Russell Blackstock is a senior reporter at the Weekend Herald and Herald on Sunday.

Death row notes for sale

The killer's letters are up for auction. Photo / Trade Me
The killer's letters are up for auction. Photo / Trade Me

Letters from a killer executed in the US for slaying his girlfriend two days before Christmas are for sale on Trade Me by his former Kiwi pen pal.

Hamilton man David Perfect said he was selling the letters as he now wanted "closure" from his relationship with death row inmate William Earl Lynd.

Lynd was put to death by lethal injection in Georgia in May 2008 after being convicted of shooting his partner, Ginger Moore, 26, in the face during an argument outside their home in 1988. He shot her again when she regained consciousness.

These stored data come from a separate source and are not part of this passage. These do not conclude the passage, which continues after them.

(* Bailey pairs relative to a = q^2: the usual kernel 1 / ((q)_(t-r) (aq;q)_(t+r)) with
   (q^3;q)_(t+r) replaced by (q)_(t+r+2); the constant factor (1-q)(1-q^2) is absorbed into alpha. *)
definition bailey_kernel :: "nat \<Rightarrow> nat \<Rightarrow> 'a" where
  "bailey_kernel t r = 1 / (qpoch q (t - r) * qpoch q (t + r + 2))"

lemma bailey_kernel_convolution:
  assumes "r \<le> t"
  shows "(\<Sum>s=r..t. q ^ (s^2 + 2*s) / qpoch q (t - s) * bailey_kernel s r)
       = q ^ (r^2 + 2*r) * bailey_kernel t r"
proof -
  define M where "M = t - r"
  have "{r..t} = {0 + r..M + r}"
    using assms by (simp add: M_def)
  then have "(\<Sum>s=r..t. q ^ (s^2 + 2*s) / qpoch q (t - s) * bailey_kernel s r)
      = (\<Sum>j=0..M. q ^ ((j + r)^2 + 2*(j + r)) / qpoch q (t - (j + r)) * bailey_kernel (j + r) r)"
    by (simp only: sum.shift_bounds_cl_nat_ivl)
  also have "\<dots> = (\<Sum>j\<le>M. q ^ (r^2 + 2*r) * durfee_term (2*r + 2) M j)"
    unfolding atLeast0AtMost
  proof (intro sum.cong refl)
    fix j
    have "t - (j + r) = M - j"
      by (simp add: M_def)
    moreover have "bailey_kernel (j + r) r = 1 / (qpoch q j * qpoch q (2*r + 2 + j))"
      unfolding bailey_kernel_def by (simp add: mult_2 add_ac)
    moreover have "(j + r)^2 + 2*(j + r) = (r^2 + 2*r) + (j*j + (2*r + 2)*j)"
      by (simp add: power2_eq_square algebra_simps)
    ultimately show "q ^ ((j + r)^2 + 2*(j + r)) / qpoch q (t - (j + r)) * bailey_kernel (j + r) r
        = q ^ (r^2 + 2*r) * durfee_term (2*r + 2) M j"
      by (simp only: durfee_term_def power_add) (simp add: mult_ac)
  qed
  also have "\<dots> = q ^ (r^2 + 2*r) * bailey_kernel t r"
    using assms by (simp add: durfee_sum flip: sum_distrib_left)
      (simp add: bailey_kernel_def M_def algebra_simps)
  finally show ?thesis .
qed

definition bailey_transform :: "(nat \<Rightarrow> 'a) \<Rightarrow> nat \<Rightarrow> 'a" where
  "bailey_transform \<beta> t = (\<Sum>s\<le>t. q ^ (s^2 + 2*s) / qpoch q (t - s) * \<beta> s)"
lemma legendre_sum_power_Suc:
  assumes "2 \<le> b"
  shows "legendre_sum b (b ^ Suc i) = b * legendre_sum b (b ^ i) + 1"
proof -
  obtain c where c: "b = Suc c"
    using assms by (cases b) auto
  have "b ^ i \<ge> 1"
    using assms by simp
  then show ?thesis
    using legendre_sum_mult_base[OF assms, of "b ^ i"] diff_mult_legendre_sum_power[OF assms, of i]
    unfolding c by simp
qed

lemma legendre_sum_no_carry:
  assumes "2 \<le> b" "\<not> b dvd u"
  shows "legendre_sum b (b ^ i * u) = legendre_sum b (b ^ i * (u - 1)) + legendre_sum b (b ^ i)"
proof (induction i)
  case 0
  from assms have "u mod b \<noteq> 0" "u mod b < b"
    by (simp_all add: mod_eq_0_iff_dvd)
  then have "(u - 1) div b = u div b"
    using mult_div_mod_eq[of b u] by (intro div_nat_eqI; simp only: mult_Suc_right; linarith)
  then show ?case
    using legendre_sum_rec[OF assms(1), of u] legendre_sum_rec[OF assms(1), of "u - 1"]
      legendre_sum_less_base[OF assms(1), of 1] assms(1) by simp
next
  case (Suc i)
  have "u \<ge> 1"
    using assms(2) by (cases u) auto
  then have "b ^ i * u = b ^ i * (u - 1) + b ^ i"
    by (simp add: algebra_simps)
  with Suc show ?case
    using legendre_sum_mult_base[OF assms(1)] by (simp add: mult.assoc)
qed
lemma short_comp_short_right:
  fixes A B :: "('c::finite) tgraph"
  assumes A: "tgraph A" and B: "tgraph B" "no_neg_cycle B"
    and nn: "no_neg_cycle (A \<odot> B) \<or> no_neg_cycle (A \<odot> short B)"
  shows "short (A \<odot> B) = short (A \<odot> short B)"
proof -
  have mirror_short_comp: "mirror (short (A \<odot> C)) = short (mirror C \<odot> mirror A)" if "tgraph C" for C
    using short_mirror[OF tgraph_comp[OF A that]] mirror_comp[OF A that] by simp
  have "no_neg_cycle (mirror B \<odot> mirror A) \<or> no_neg_cycle (short (mirror B) \<odot> mirror A)"
    using nn no_neg_cycle_mirror mirror_comp[OF A] B(1) tgraph_short short_mirror[OF B(1)] by metis
  then have "short (mirror B \<odot> mirror A) = short (short (mirror B) \<odot> mirror A)"
    using short_comp_short_left tgraph_mirror A B no_neg_cycle_mirror by metis
  then have "mirror (short (A \<odot> B)) = mirror (short (A \<odot> short B))"
    using mirror_short_comp[OF B(1)] mirror_short_comp[OF tgraph_short] short_mirror[OF B(1)] by simp
  then show ?thesis
    by (metis mirror_mirror)
qed

theorem mainTheorem12:
  shows "(\<forall>G1 G2 :: ('c::finite) tgraph.
            tgraph G1 \<and> tgraph G2 \<and> no_neg_cycle G1 \<and> no_neg_cycle G2 \<and> no_neg_cycle (G1 \<odot> G2)
            \<longrightarrow> G1 \<cdot> G2 = short G1 \<cdot> short G2)
       \<and> (\<forall>G1 G2 G3 :: ('c::finite) tgraph.
            tgraph G1 \<and> tgraph G2 \<and> tgraph G3 \<and>
            no_neg_cycle G1 \<and> no_neg_cycle G2 \<and> no_neg_cycle G3 \<and>
            no_neg_cycle (G1 \<odot> G2) \<and> no_neg_cycle (G2 \<odot> G3) \<and>
            no_neg_cycle ((G1 \<cdot> G2) \<odot> G3) \<and> no_neg_cycle (G1 \<odot> (G2 \<cdot> G3))
            \<longrightarrow> (G1 \<cdot> G2) \<cdot> G3 = G1 \<cdot> (G2 \<cdot> G3))"
proof (intro conjI allI impI; elim conjE)
  fix G1 G2 :: "'c tgraph"
  assume G: "tgraph G1" "tgraph G2" "no_neg_cycle G1" "no_neg_cycle G2" "no_neg_cycle (G1 \<odot> G2)"
  have "short (G1 \<odot> G2) = short (short G1 \<odot> G2)"
    using G short_comp_short_left by blast
  also have "\<dots> = short (short G1 \<odot> short G2)"
    using G no_neg_cycle_comp_short_left tgraph_short short_comp_short_right by blast
  finally show "G1 \<cdot> G2 = short G1 \<cdot> short G2"
    unfolding dot_def .
next
  fix G1 G2 G3 :: "'c tgraph"
  assume "tgraph G1" "tgraph G2" "tgraph G3" "no_neg_cycle (G1 \<odot> G2)" "no_neg_cycle (G2 \<odot> G3)"
    "no_neg_cycle ((G1 \<cdot> G2) \<odot> G3)" "no_neg_cycle (G1 \<odot> (G2 \<cdot> G3))"
  then have "short (short (G1 \<odot> G2) \<odot> G3) = short ((G1 \<odot> G2) \<odot> G3)"
    and "short (G1 \<odot> short (G2 \<odot> G3)) = short (G1 \<odot> (G2 \<odot> G3))"
    unfolding dot_def using short_comp_short_left short_comp_short_right tgraph_comp by metis+
  moreover have "(G1 \<odot> G2) \<odot> G3 = G1 \<odot> (G2 \<odot> G3)"
    using tgraph_ncols[OF \<open>tgraph G1\<close>] tgraph_ncols[OF \<open>tgraph G2\<close>] by (simp add: comp_assoc)
  ultimately show "(G1 \<cdot> G2) \<cdot> G3 = G1 \<cdot> (G2 \<cdot> G3)"
    unfolding dot_def by simp
qed

end
lemma weight_code_length_bound:
  assumes i: "i \<in> X"
  shows "2 ^ length (E i s) * real (weight s (F i s)) \<le> real N + real i - 1"
proof -
  define j where "j = the_inv_into {1..Ns s} (Xs s) (F i s)"
  have "F i s \<in> Xset X F s"
    using i by (auto simp: Xset_def)
  then have "j \<in> {1..Ns s}" "F i s = Xs s j"
    using bij_betwE[OF index_bij] f_the_inv_into_f_bij_betw[OF Xs_bij] by (auto simp: j_def)
  from preimage_weight_bound[OF i this]
  have "(if int i \<le> mval Ns s then int (K s) else 2 * int (K s)) * int (weight s (F i s))
      \<le> int N + int i - 1"
    by (simp add: weight_def j_def)
  moreover have "int (2 ^ length (E i s)) = (if int i \<le> mval Ns s then int (K s) else 2 * int (K s))"
    using code_length[OF i, of s] two_pow_kappa[of s] by auto
  ultimately have "real_of_int (int (2 ^ length (E i s) * weight s (F i s)))
      \<le> real_of_int (int N + int i - 1)"
    by (simp only: of_int_le_iff of_nat_mult)
  then show ?thesis
    by simp
qed

lemma F_in_Xset: "i \<in> X \<Longrightarrow> F i s \<in> Xset X F s"
  by (auto simp: Xset_def)

lemma mass_Xset: "(\<Sum>y\<in>Xset X F s. Q y) = p s"
  by (rule stationary_mass_Xset[OF sAEDS finite_atLeastAtMost stationary])

lemma sum_Xset_stationary: "(\<Sum>y\<in>Xset X F s. Q y * g y) = p s * (\<Sum>x\<in>X. Q x * g (F x s))"
  by (rule stationary_sum_Xset[OF sAEDS finite_atLeastAtMost stationary])

lemma weight_pos: "y \<in> Xset X F s \<Longrightarrow> 0 < weight s y"
  using weight_ge Ns_pos by (metis less_le_trans)

lemma length_le_log:
  assumes "i \<in> X"
  shows "real (length (E i s)) \<le> log 2 (real N + real i - 1) - log 2 (weight s (F i s))"
proof -
  have w: "0 < real (weight s (F i s))"
    using weight_pos[OF F_in_Xset[OF assms]] by simp
  have "log 2 (2 ^ length (E i s) * real (weight s (F i s))) \<le> log 2 (real N + real i - 1)"
    using weight_code_length_bound[OF assms] w assms N_pos by (subst log_le_cancel_iff) auto
  then show ?thesis
    using w by (simp add: log_mult log_nat_power)
qed

definition symbol_of :: "nat \<Rightarrow> 's" where
  "symbol_of y = (THE s. y \<in> Xset X F s)"

lemma symbol_of_eq: "y \<in> Xset X F s \<Longrightarrow> symbol_of y = s"
  unfolding symbol_of_def by (rule the_equality) (use sAEDS_Xset_disjoint[OF sAEDS] in blast)+

definition position_bound :: "nat \<Rightarrow> real" where
  "position_bound y = log 2 ((real (weight (symbol_of y) y) + 1) / p (symbol_of y))"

Lynd then put Moore in the boot of a car and drove away.

Prosecutors argued Moore was still alive when Lynd heard a thumping noise coming from the trunk, so he got out and shot her a third time before burying her body in a shallow grave. Lynd later drove to Ohio, where he shot another woman who told police what happened before she died.

Perfect wrote on Trade Me: "Earl was my buddy and was executed many years ago and I kept our letters and pics that he sent from a phone a prison guard smuggled in for him.

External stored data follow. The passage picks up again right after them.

(* Let $\mathbb{R}^n$ and $\mathbb{R}^m$ be endowed with arbitrary norms (both denoted $\|\cdot\|$) and let $A\in\mathbb{R}^{m\times n}$ have at least two different columns. Then \[ \max_{w\in\mathbb{R}^n\setminus\{0\},\ \langle\mathbf{1},w\rangle=0}\frac{\|Aw\|}{\|w\|}=\max_{u\in\mathrm{conv}(A),\ x\in\Delta_{n-1}\setminus Z(u)}\frac{\|Ax-u\|}{\mathrm{dist}(x,Z(u))}, \] and \[ \frac{\Phi(A)}{\max_{i=1,\dots,n}\|e_i\|}\le\min_{u\in\mathrm{conv}(A),\ x\in\Delta_{n-1}\setminus Z(u)}\frac{2\|Ax-u\|}{\mathrm{dist}(x,Z(u))}. \]
   Context: $\mathbf{1}$ is the all-ones vector and $e_i$ the standard basis vectors of $\mathbb{R}^n$. $\Delta_{n-1}=\{x\in\mathbb{R}^n_+:\sum_ix_i=1\}$; $A$ is identified with the set of its columns; $\mathrm{conv}(A)=\{Ax:x\in\Delta_{n-1}\}$; for $u\in\mathrm{conv}(A)$, $Z(u)=\{z\in\Delta_{n-1}:Az=u\}$ and $\mathrm{dist}(x,Z(u))=\min_{z\in Z(u)}\|x-z\|$ (norm of $\mathbb{R}^n$). The facial distance is $\Phi(A)=\min\{\mathrm{dist}(F,\mathrm{conv}(A\setminus F)):F\text{ a face of }\mathrm{conv}(A),\ \emptyset\ne F\ne\mathrm{conv}(A)\}$, with $A\setminus F$ the columns of $A$ not in $F$ and $\mathrm{dist}(F,G)=\inf_{u\in F,w\in G}\|u-w\|$ (norm of $\mathbb{R}^m$). *)

theory Defs
  imports "HOL-Analysis.Analysis"
begin
lemma fps_sqrt1_eqI:
  fixes G :: "'a::{idom,semiring_char_0} fps"
  assumes "G * G = V" "G $ 0 = 1"
  shows "fps_sqrt1 V = G"
  unfolding fps_sqrt1_def
proof (rule the_equality)
  show "G * G = V \<and> G $ 0 = 1" using assms by simp
next
  fix H assume H: "H * H = V \<and> H $ 0 = 1"
  have "(H - G) * (H + G) = 0"
    using H assms(1) by (simp add: algebra_simps)
  moreover have "H + G \<noteq> 0"
  proof
    assume "H + G = 0"
    then have "(H + G) $ 0 = 0" by simp
    with H assms(2) show False by simp
  qed
  ultimately show "H = G" by simp
qed

lemma fps_causal_fixpoint_unique:
  fixes X Y :: "'i \<Rightarrow> 'a::comm_semiring_1 fps"
  assumes causal: "\<And>F G n p. (\<And>q. F q $ n = G q $ n) \<Longrightarrow> L F p $ n = L G p $ n"
    and X: "\<And>p. X p = C p + fps_X * L X p"
    and Y: "\<And>p. Y p = C p + fps_X * L Y p"
  shows "X = Y"
proof -
  have "X p $ n = Y p $ n" for p n
  proof (induction n arbitrary: p)
    case 0
    show ?case by (subst X, subst Y) simp
  next
    case (Suc n)
    have "L X p $ n = L Y p $ n" by (rule causal) (rule Suc.IH)
    then show ?case by (subst X, subst Y) simp
  qed
  then show ?thesis by (auto simp: fps_eq_iff)
qed

lemma geometric_kernel_solution:
  fixes K q rho W :: "'a::comm_ring_1"
  assumes root: "q * rho^2 + q = K * rho" and inv: "W * (K - 2 * q * rho) = 1"
  shows "K * (W * rho ^ nat \<bar>j\<bar>) =
           (if j = 0 then 1 else 0) + q * (W * rho ^ nat \<bar>j - 1\<bar> + W * rho ^ nat \<bar>j + 1\<bar>)"
proof (cases "j = 0")
  case True
  then show ?thesis using inv by (simp add: algebra_simps)
next
  case False
  define m where "m = nat \<bar>j\<bar> - 1"
  have j: "nat \<bar>j\<bar> = Suc m" using False unfolding m_def by arith
  have neighbours: "rho ^ nat \<bar>j - 1\<bar> + rho ^ nat \<bar>j + 1\<bar> = rho ^ m + rho ^ Suc (Suc m)"
  proof (cases "j > 0")
    case True
    then have "nat \<bar>j - 1\<bar> = m \<and> nat \<bar>j + 1\<bar> = Suc (Suc m)" unfolding m_def by arith
    then show ?thesis by simp
  next
    case False
    with \<open>j \<noteq> 0\<close> have "nat \<bar>j - 1\<bar> = Suc (Suc m) \<and> nat \<bar>j + 1\<bar> = m"
      unfolding m_def by arith
    then show ?thesis by simp
  qed
  have "q * (W * rho ^ nat \<bar>j - 1\<bar> + W * rho ^ nat \<bar>j + 1\<bar>)
      = q * W * (rho ^ nat \<bar>j - 1\<bar> + rho ^ nat \<bar>j + 1\<bar>)"
    by (simp add: algebra_simps)
  also have "\<dots> = W * rho ^ m * (q * rho^2 + q)"
    unfolding neighbours by (simp add: algebra_simps power2_eq_square)
  also have "\<dots> = K * (W * rho ^ nat \<bar>j\<bar>)"
    unfolding root j by (simp add: algebra_simps)
  finally show ?thesis using False by simp
qed

lemma sum_fiber_snd: "(\<Sum>a\<in>{a\<in>A. snd a = b}. g a) = (\<Sum>i\<in>{i. (i, b) \<in> A}. g (i, b))"
  by (rule sum.reindex_bij_witness[where i = "\<lambda>i. (i, b)" and j = fst]) auto

definition fls_nonpos :: "'a::zero fls \<Rightarrow> bool" where
  "fls_nonpos f \<longleftrightarrow> (\<forall>i>0. f $$ i = 0)"

definition fps_fls_nonpos :: "'a::zero fls fps \<Rightarrow> bool" where
  "fps_fls_nonpos F \<longleftrightarrow> (\<forall>n. fls_nonpos (F $ n))"

lemma fls_nonpos_mult:
  fixes f g :: "'a::semiring_1 fls"
  assumes "fls_nonpos f" "fls_nonpos g"
  shows "fls_nonpos (f * g)"
  unfolding fls_nonpos_def
proof (intro allI impI)
  fix n :: int assume "0 < n"
  have "f $$ i * g $$ (n - i) = 0" for i
    using assms \<open>0 < n\<close> unfolding fls_nonpos_def by (cases "i > 0") auto
  then show "(f * g) $$ n = 0" by (simp add: fls_times_nth(2))
qed

lemma fls_nonpos_sum: "(\<And>x. x \<in> S \<Longrightarrow> fls_nonpos (f x)) \<Longrightarrow> fls_nonpos (\<Sum>x\<in>S. f x)"
  unfolding fls_nonpos_def by (simp add: fls_nth_sum)

lemma fls_nonpos_fps_to_fls: "fls_nonpos (fps_to_fls f) \<longleftrightarrow> f = fps_const (f $ 0)"
proof -
  have "fls_nonpos (fps_to_fls f) \<longleftrightarrow> (\<forall>n>0. f $ n = 0)"
    unfolding fls_nonpos_def
  proof (intro iffI allI impI)
    fix n :: nat assume "\<forall>i>0. fps_to_fls f $$ i = 0" "0 < n"
    then have "fps_to_fls f $$ int n = 0" by (simp del: fps_to_fls_nth)
    then show "f $ n = 0" by simp
  qed simp
  also have "\<dots> \<longleftrightarrow> f = fps_const (f $ 0)"
    by (auto simp: fps_eq_iff)
  finally show ?thesis .
qed

lemma fps_fls_nonpos_mult:
  fixes F G :: "'a::comm_semiring_1 fls fps"
  shows "fps_fls_nonpos F \<Longrightarrow> fps_fls_nonpos G \<Longrightarrow> fps_fls_nonpos (F * G)"
  unfolding fps_fls_nonpos_def by (auto simp: fps_mult_nth intro!: fls_nonpos_sum fls_nonpos_mult)

lemma fps_fls_nonpos_one: "fps_fls_nonpos (1 :: 'a::zero_neq_one fls fps)"
  unfolding fps_fls_nonpos_def fls_nonpos_def by simp

lemma fps_fls_nonpos_power:
  fixes F :: "'a::comm_semiring_1 fls fps"
  shows "fps_fls_nonpos F \<Longrightarrow> fps_fls_nonpos (F ^ k)"
  by (induction k) (simp_all add: fps_fls_nonpos_one fps_fls_nonpos_mult)

lemma fps_fls_nonpos_diff:
  fixes F G :: "'a::ab_group_add fls fps"
  shows "fps_fls_nonpos F \<Longrightarrow> fps_fls_nonpos G \<Longrightarrow> fps_fls_nonpos (F - G)"
  unfolding fps_fls_nonpos_def fls_nonpos_def by simp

"He was such a wonderful man and spent damn near two decades on death row for his crimes.

"A self confessed ex-biker and hard man who made some bad drug-induced decisions. It breaks my heart to finally have to do this."

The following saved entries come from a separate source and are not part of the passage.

lemma quadratic_query_lower_bound_if_sensitive:
  assumes lo_hi: "lo \<in> {1, 2}" "hi \<in> {1, 2}"
    and sensitive: "\<And>k a b. a < b \<Longrightarrow> b < k \<Longrightarrow>
      OPT (2*k) k (two_clusters k lo hi {(a, b)}) \<noteq> OPT (2*k) k (two_clusters k lo hi {})"
  shows "quadratic_query_lower_bound OPT"
  unfolding quadratic_query_lower_bound_def
proof (intro exI[of _ "1/48"] conjI allI)
  fix N :: nat
  define h where "h = Suc N"
  define E where "E = {0..<h} \<times> {h..<2*h}"
  define planted where "planted = two_clusters (2*h) lo hi {}"
  have planted: "planted \<in> weights12 (2*(2*h))"
    unfolding planted_def using two_clusters_weights12 lo_hi by blast
  have card_E: "real (card E) / 3 = 1/48 * real (2*(2*h)) ^ 2"
    by (simp add: E_def power2_eq_square)
  show "\<exists>n\<ge>N. \<forall>M A. prob_space M \<longrightarrow> solves_whp M A OPT n \<longrightarrow>
          (\<exists>c\<le>n. \<exists>w\<in>weights12 n. \<exists>r\<in>space M. 1/48 * real n ^ 2 \<le> real (num_queries (A c r) w))"
  proof (rule exI[of _ "2*(2*h)"], intro conjI allI impI)
    fix M A assume M: "prob_space M" and solves: "solves_whp M A OPT (2*(2*h))"
    have "\<exists>r\<in>space M. real (card E) / 3 \<le> real (num_queries (A (2*h) r) planted)"
    proof (rule exists_seed_with_many_queries[OF M solves _ planted,
          where W = "\<lambda>e. two_clusters (2*h) lo hi {e}"])
      fix e assume "e \<in> E"
      then obtain a b where "e = (a, b)" "a < b" "b < 2*h" by (auto simp: E_def)
      then show "OPT (2*(2*h)) (2*h) (two_clusters (2*h) lo hi {e})
                 \<noteq> OPT (2*(2*h)) (2*h) planted"
        unfolding planted_def using sensitive by blast
    next
      show "\<And>e. two_clusters (2*h) lo hi {e} \<in> weights12 (2*(2*h))"
        using two_clusters_weights12 lo_hi by blast
      show "\<And>e u v. edge u v \<noteq> e \<Longrightarrow> two_clusters (2*h) lo hi {e} u v = planted u v"
        unfolding planted_def by (rule two_clusters_insert_eq)
    qed (auto simp: E_def)
    with card_E planted show "\<exists>c\<le>2*(2*h). \<exists>w\<in>weights12 (2*(2*h)). \<exists>r\<in>space M.
                 1/48 * real (2*(2*h)) ^ 2 \<le> real (num_queries (A c r) w)"
      by (intro exI[of _ "2*h"]) auto
  qed (simp add: h_def)
qed simp

theorem theorem6:
  shows "quadratic_query_lower_bound diam_partition \<and> quadratic_query_lower_bound mdcc2"
proof
  have separated: "x \<le> 1 \<Longrightarrow> 2 \<le> y \<Longrightarrow> x \<noteq> y" for x y :: ereal
  proof
    assume "x \<le> 1" "2 \<le> y" "x = y"
    then have "(2::ereal) \<le> 1" using order.trans by blast
    then show False by simp
  qed
  show "quadratic_query_lower_bound diam_partition"
    by (rule quadratic_query_lower_bound_if_sensitive[of 1 2])
      (simp_all add: separated[OF diam_partition_two_clusters_le_one
                                  diam_partition_two_clusters_raised_ge_two, THEN not_sym])
  show "quadratic_query_lower_bound mdcc2"
    by (rule quadratic_query_lower_bound_if_sensitive[of 2 1])
      (simp_all add: separated[OF mdcc2_two_clusters_raised_le_one mdcc2_two_clusters_ge_two])
qed

end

Perfect said he was supposed to get Lynd's ashes "as per his wishes" but "his girlfriend can't bring herself to part with them".

The pair became pen pals after Perfect read a book about death row inmates and contacted an American-based group that offered support to condemned inmates.

He said he had received more than 100 letters from Lynd, who had been upfront and honest about his offending, leading up to his execution.

He described reaction on Trade Me to his posting as "mild, which is quite surprising. I thought they may have ... polarised opinions."

By last night two people had bid for the items, with a top offer of $21.

A Trade Me spokesman said the advert had not been withdrawn because no complaints had been received about it.